─── Records for the exercise ───
(* Let $0<\alpha<1$, let $x>0$ be fixed, let $y$ be a sufficiently differentiable function on $[0,x]$, and for a positive integer $n$ put $h=x/n$, $y_j=y(jh)$. Then, as $n\to\infty$, $$\frac{1}{h^\alpha}\sum_{k=0}^{n}\sigma_k^{(\alpha)}y_{n-k}=h^{2-\alpha}\sum_{k=1}^{n-1}k^{1-\alpha}\,y''\big((n-k)h\big)+(nh)^{1-\alpha}\,y'\!\left(\tfrac{h}{2}\right)+O\left(h^2\right).$$
   Context: Define $\sigma_0^{(\alpha)}=1$, $\sigma_n^{(\alpha)}=(n-1)^{1-\alpha}-n^{1-\alpha}$, and $\sigma_k^{(\alpha)}=(k-1)^{1-\alpha}-2k^{1-\alpha}+(k+1)^{1-\alpha}$ for $1\le k\le n-1$. "Sufficiently differentiable" means $y\in C^r[0,x]$ for some sufficiently large $r$. *)

theory Defs
  imports "HOL-Analysis.Analysis" "HOL-Library.Landau_Symbols"
begin

definition sigma :: "real \<Rightarrow> nat \<Rightarrow> nat \<Rightarrow> real" where
  "sigma \<alpha> n k =
     (if k = 0 then 1
      else if k = n then real (n - 1) powr (1 - \<alpha>) - real n powr (1 - \<alpha>)
      else real (k - 1) powr (1 - \<alpha>) - 2 * real k powr (1 - \<alpha>)
           + real (k + 1) powr (1 - \<alpha>))"

definition C_r_derivs :: "nat \<Rightarrow> real \<Rightarrow> (real \<Rightarrow> real) \<Rightarrow> (nat \<Rightarrow> real \<Rightarrow> real) \<Rightarrow> bool" where
  "C_r_derivs r x y D \<longleftrightarrow>
     D 0 = y \<and>
     (\<forall>k<r. \<forall>t\<in>{0..x}. (D k has_real_derivative D (Suc k) t) (at t within {0..x})) \<and>
     continuous_on {0..x} (D r)"

end

theory Submission
  imports Defs
begin

text \<open>Summation by parts (the weights sigma are second differences of k powr (1 - alpha))
  turns the scheme into n^(1-alpha) (y_1 - y_0) + sum_k k^(1-alpha) (y_(n-k+1) - 2 y_(n-k) + y_(n-k-1)).
  By Taylor's theorem each second difference is h^2 y'' at the middle node up to O(h^4), and
  y_1 - y_0 = h y'(h/2) + O(h^3). The weights are at most n^(1-alpha) and fewer than n in number,
  so after the factor h^(-alpha) the error is O(n^(1-alpha) h^(-alpha) (h^3 + n h^4)) = O(h^2),
  because n h = x is fixed.\<close>

lemma sum_sigma_Suc:
  fixes Y :: "nat \<Rightarrow> real"
  assumes "1 \<le> n"
  shows "(\<Sum>k=0..Suc n. sigma \<alpha> (Suc n) k * Y (Suc n - k)) =
     (\<Sum>k=0..n. sigma \<alpha> n k * Y (Suc (n - k)))
     + (real (n+1) powr (1-\<alpha>) - real n powr (1-\<alpha>)) * (Y 1 - Y 0)"
proof -
  define a where "a k = real k powr (1-\<alpha>)" for k
  have last2: "sigma \<alpha> (Suc n) n = a (n-1) - 2 * a n + a (n+1)"
      "sigma \<alpha> (Suc n) (Suc n) = a n - a (n+1)" "sigma \<alpha> n n = a (n-1) - a n"
    using assms by (simp_all add: sigma_def a_def)
  have "(\<Sum>k=0..Suc n. sigma \<alpha> (Suc n) k * Y (Suc n - k))
      = (\<Sum>k=0..<n. sigma \<alpha> (Suc n) k * Y (Suc n - k)) + sigma \<alpha> (Suc n) n * Y 1
        + sigma \<alpha> (Suc n) (Suc n) * Y 0"
    by (simp add: sum.atLeast0_atMost_Suc atLeastLessThanSuc_atLeastAtMost[symmetric])
  also have "(\<Sum>k=0..<n. sigma \<alpha> (Suc n) k * Y (Suc n - k))
      = (\<Sum>k=0..<n. sigma \<alpha> n k * Y (Suc (n - k)))"
    by (rule sum.cong) (auto simp: sigma_def Suc_diff_le)
  also have "\<dots> = (\<Sum>k=0..n. sigma \<alpha> n k * Y (Suc (n - k))) - sigma \<alpha> n n * Y 1"
    by (simp add: atLeastLessThanSuc_atLeastAtMost[symmetric])
  finally show ?thesis
    unfolding last2 a_def[symmetric] by (simp add: algebra_simps)
qed

lemma sum_sigma_eq_second_differences:
  fixes Y :: "nat \<Rightarrow> real"
  assumes "1 \<le> n"
  shows "(\<Sum>k=0..n. sigma \<alpha> n k * Y (n-k)) =
     real n powr (1-\<alpha>) * (Y 1 - Y 0) +
     (\<Sum>k=1..n-1. real k powr (1-\<alpha>) * (Y (n-k+1) - 2 * Y (n-k) + Y (n-k-1)))"
  using assms
proof (induction n arbitrary: Y rule: dec_induct)
  case base
  show ?case by (simp add: sigma_def)
next
  case (step n)
  define a where "a k = real k powr (1-\<alpha>)" for k
  have "(\<Sum>k=1..Suc n-1. a k * (Y (Suc n-k+1) - 2 * Y (Suc n-k) + Y (Suc n-k-1)))
     = (\<Sum>k=1..n-1. a k * (Y (Suc n-k+1) - 2 * Y (Suc n-k) + Y (Suc n-k-1)))
       + a n * (Y 2 - 2 * Y 1 + Y 0)"
    using step.hyps by (cases n) (auto simp: numeral_2_eq_2)
  also have "(\<Sum>k=1..n-1. a k * (Y (Suc n-k+1) - 2 * Y (Suc n-k) + Y (Suc n-k-1)))
     = (\<Sum>k=1..n-1. a k * (Y (Suc (n-k+1)) - 2 * Y (Suc (n-k)) + Y (Suc (n-k-1))))"
  proof (rule sum.cong)
    fix k assume "k \<in> {1..n-1}"
    then have "Suc n - k = Suc (n-k)" "Suc (n - k - 1) = n - k" by auto
    then show "a k * (Y (Suc n-k+1) - 2 * Y (Suc n-k) + Y (Suc n-k-1))
      = a k * (Y (Suc (n-k+1)) - 2 * Y (Suc (n-k)) + Y (Suc (n-k-1)))" by simp
  qed simp
  finally show ?case
    using sum_sigma_Suc[OF step.hyps(1), of \<alpha> Y] step.IH[of "\<lambda>j. Y (Suc j)"]
    unfolding a_def by (simp add: numeral_2_eq_2 algebra_simps)
qed

lemma taylor_remainder_bound:
  fixes D :: "nat \<Rightarrow> real \<Rightarrow> real"
  assumes "0 < p"
    and der: "\<forall>k<p. \<forall>t\<in>{0..x}. (D k has_real_derivative D (Suc k) t) (at t within {0..x})"
    and bnd: "\<forall>t\<in>{0..x}. \<bar>D p t\<bar> \<le> M"
    and ab: "0 \<le> a" "a \<le> b" "b \<le> x"
  shows "\<bar>D 0 b - (\<Sum>i<p. (b-a)^i/fact i * D i a)\<bar> \<le> M * (b-a)^p"
proof -
  have Df: "(D m has_vector_derivative D (Suc m) t) (at t within {a..b})"
    if "m < p" "a \<le> t" "t \<le> b" for m t
  proof -
    have "(D m has_real_derivative D (Suc m) t) (at t within {0..x})"
      using der that ab by auto
    then have "(D m has_real_derivative D (Suc m) t) (at t within {a..b})"
      by (rule has_field_derivative_subset) (use ab in auto)
    then show ?thesis by (simp add: has_real_derivative_iff_has_vector_derivative)
  qed
  define i where "i s = ((b - s) ^ (p - 1) / fact (p - 1)) *\<^sub>R D p s" for s
  have integral: "(i has_integral D 0 b - (\<Sum>j<p. ((b-a) ^ j / fact j) *\<^sub>R D j a)) {a..b}"
    unfolding i_def by (rule Taylor_has_integral[of p D "D 0", OF \<open>0 < p\<close> refl Df ab(2)])
  have integrand: "norm (i s) \<le> (b-a)^(p-1) * M" if "s \<in> cbox a b" for s
  proof -
    have s: "a \<le> s" "s \<le> b" using that by auto
    have "norm (i s) = (b - s) ^ (p - 1) / fact (p - 1) * \<bar>D p s\<bar>"
      using s by (simp add: i_def abs_mult)
    also have "\<dots> \<le> (b - s) ^ (p - 1) * \<bar>D p s\<bar>"
      using s by (intro mult_right_mono) (auto simp: divide_le_eq mult_le_cancel_left1)
    also have "\<dots> \<le> (b-a)^(p-1) * M"
      using s bnd ab by (intro mult_mono power_mono) auto
    finally show ?thesis .
  qed
  have "0 \<le> M" using bnd ab by (meson abs_ge_zero atLeastAtMost_iff order_trans)
  then have "norm (D 0 b - (\<Sum>j<p. ((b-a) ^ j / fact j) *\<^sub>R D j a))
      \<le> (b-a)^(p-1) * M * Henstock_Kurzweil_Integration.content (cbox a b)"
    by (intro has_integral_bound[OF _ integral[folded cbox_interval] integrand]) (use ab in auto)
  also have "\<dots> = M * (b-a)^p" using ab \<open>0 < p\<close>
    by (simp add: power_eq_if[of _ p] algebra_simps)
  finally show ?thesis by simp
qed

lemma midpoint_difference_error:
  fixes D :: "nat \<Rightarrow> real \<Rightarrow> real"
  assumes der: "\<forall>k<3. \<forall>t\<in>{0..x}. (D k has_real_derivative D (Suc k) t) (at t within {0..x})"
    and bnd: "\<forall>t\<in>{0..x}. \<bar>D 3 t\<bar> \<le> M"
    and h: "0 \<le> h" "h \<le> x"
  shows "\<bar>D 0 h - D 0 0 - h * D 1 (h/2)\<bar> \<le> 5/4 * M * h^3"
proof -
  define R1 where "R1 = D 0 h - (\<Sum>i<3. h^i/fact i * D i 0)"
  define R2 where "R2 = D 1 (h/2) - (\<Sum>i<2. (h/2)^i/fact i * D (Suc i) 0)"
  have R1: "\<bar>R1\<bar> \<le> M * h^3"
    using taylor_remainder_bound[of 3 x D M 0 h] der bnd h unfolding R1_def by simp
  have R2: "\<bar>R2\<bar> \<le> M * (h/2)^2"
    using taylor_remainder_bound[of 2 x "\<lambda>k. D (Suc k)" M 0 "h/2"] der bnd h
    unfolding R2_def by (simp add: numeral_eq_Suc)
  have "D 0 h - D 0 0 - h * D 1 (h/2) = R1 - h * R2"
    unfolding R1_def R2_def by (simp add: eval_nat_numeral algebra_simps power2_eq_square)
  also have "\<bar>\<dots>\<bar> \<le> M * h^3 + h * (M * (h/2)^2)"
  proof -
    have "\<bar>h * R2\<bar> \<le> h * (M * (h/2)^2)"
      using R2 h by (simp add: abs_mult mult_left_mono)
    then show ?thesis using R1 abs_triangle_ineq4[of R1 "h * R2"] by linarith
  qed
  finally show ?thesis by (simp add: power2_eq_square power3_eq_cube)
qed

lemma second_difference_error:
  fixes D :: "nat \<Rightarrow> real \<Rightarrow> real"
  assumes der: "\<forall>k<4. \<forall>t\<in>{0..x}. (D k has_real_derivative D (Suc k) t) (at t within {0..x})"
    and bnd: "\<forall>t\<in>{0..x}. \<bar>D 4 t\<bar> \<le> M"
    and h: "0 \<le> h" "0 \<le> s" "s + 2*h \<le> x"
  shows "\<bar>D 0 (s+2*h) - 2 * D 0 (s+h) + D 0 s - h^2 * D 2 (s+h)\<bar> \<le> 19 * M * h^4"
proof -
  define R1 where "R1 = D 0 (s+2*h) - (\<Sum>i<4. (2*h)^i/fact i * D i s)"
  define R2 where "R2 = D 0 (s+h) - (\<Sum>i<4. h^i/fact i * D i s)"
  define R3 where "R3 = D 2 (s+h) - (\<Sum>i<2. h^i/fact i * D (Suc (Suc i)) s)"
  have R1: "\<bar>R1\<bar> \<le> M * (2*h)^4"
    using taylor_remainder_bound[of 4 x D M s "s+2*h"] der bnd h unfolding R1_def by simp
  have R2: "\<bar>R2\<bar> \<le> M * h^4"
    using taylor_remainder_bound[of 4 x D M s "s+h"] der bnd h unfolding R2_def by simp
  have R3: "\<bar>R3\<bar> \<le> M * h^2"
    using taylor_remainder_bound[of 2 x "\<lambda>k. D (Suc (Suc k))" M s "s+h"] der bnd h
    unfolding R3_def by (simp add: numeral_eq_Suc)
  have "D 0 (s+2*h) - 2 * D 0 (s+h) + D 0 s - h^2 * D 2 (s+h) = R1 - 2 * R2 - h^2 * R3"
    unfolding R1_def R2_def R3_def
    by (simp add: eval_nat_numeral fact_numeral algebra_simps)
  also have "\<bar>\<dots>\<bar> \<le> M * (2*h)^4 + 2 * (M * h^4) + h^2 * (M * h^2)"
  proof -
    have "\<bar>h^2 * R3\<bar> \<le> h^2 * (M * h^2)"
      using R3 by (simp add: abs_mult mult_left_mono)
    then show ?thesis using R1 R2 by (simp only: abs_le_iff) linarith
  qed
  finally show ?thesis by (simp add: algebra_simps)
qed

lemma C_r_derivs_bounded:
  assumes "C_r_derivs r x y D" "k \<le> r"
  shows "\<exists>M. \<forall>t\<in>{0..x}. \<bar>D k t\<bar> \<le> M"
proof -
  have "continuous_on {0..x} (D k)"
  proof (cases "k = r")
    case False
    with assms show ?thesis
      unfolding C_r_derivs_def by (intro DERIV_continuous_on[where D="D (Suc k)"]) auto
  qed (use assms in \<open>simp add: C_r_derivs_def\<close>)
  then show ?thesis
    using compact_imp_bounded[OF compact_continuous_image[OF _ compact_Icc]]
    by (fastforce simp: bounded_iff)
qed

lemma scheme_error_eq:
  fixes y y1 y2 :: "real \<Rightarrow> real"
  assumes "1 \<le> n" "0 < h"
  shows "1 / h powr \<alpha> * (\<Sum>k=0..n. sigma \<alpha> n k * y (real (n-k) * h))
      - (h powr (2-\<alpha>) * (\<Sum>k=1..n-1. real k powr (1-\<alpha>) * y2 (real (n-k) * h))
         + (real n * h) powr (1-\<alpha>) * y1 (h/2))
    = h powr (-\<alpha>) * (real n powr (1-\<alpha>) * (y h - y 0 - h * y1 (h/2))
        + (\<Sum>k=1..n-1. real k powr (1-\<alpha>) * (y (real (n-k+1) * h) - 2 * y (real (n-k) * h)
                          + y (real (n-k-1) * h) - h^2 * y2 (real (n-k) * h))))"
proof -
  have powrs: "1 / h powr \<alpha> = h powr (-\<alpha>)" "h powr (2-\<alpha>) = h powr (-\<alpha>) * h^2"
      "(real n * h) powr (1-\<alpha>) = real n powr (1-\<alpha>) * (h powr (-\<alpha>) * h)"
    using assms by (simp_all add: powr_minus divide_inverse powr_diff powr_mult powr_numeral)
  have split: "(\<Sum>k=1..n-1. real k powr (1-\<alpha>) * (y (real (n-k+1) * h) - 2 * y (real (n-k) * h)
                          + y (real (n-k-1) * h) - h^2 * y2 (real (n-k) * h)))
    = (\<Sum>k=1..n-1. real k powr (1-\<alpha>) * (y (real (n-k+1) * h) - 2 * y (real (n-k) * h)
                          + y (real (n-k-1) * h)))
      - h^2 * (\<Sum>k=1..n-1. real k powr (1-\<alpha>) * y2 (real (n-k) * h))"
    unfolding sum_distrib_left sum_subtractf[symmetric] by (rule sum.cong) (auto simp: algebra_simps)
  show ?thesis
    unfolding powrs split sum_sigma_eq_second_differences[OF assms(1), of \<alpha> "\<lambda>j. y (real j * h)"]
    by (simp add: algebra_simps)
qed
───
--- Task description ---
Each line above with the string "integrand" in it should be located and copied.

--- Written solution ---
  have integrand: "norm (i s) \<le> (b-a)^(p-1) * M" if "s \<in> cbox a b" for s
    by (intro has_integral_bound[OF _ integral[folded cbox_interval] integrand]) (use ab in auto)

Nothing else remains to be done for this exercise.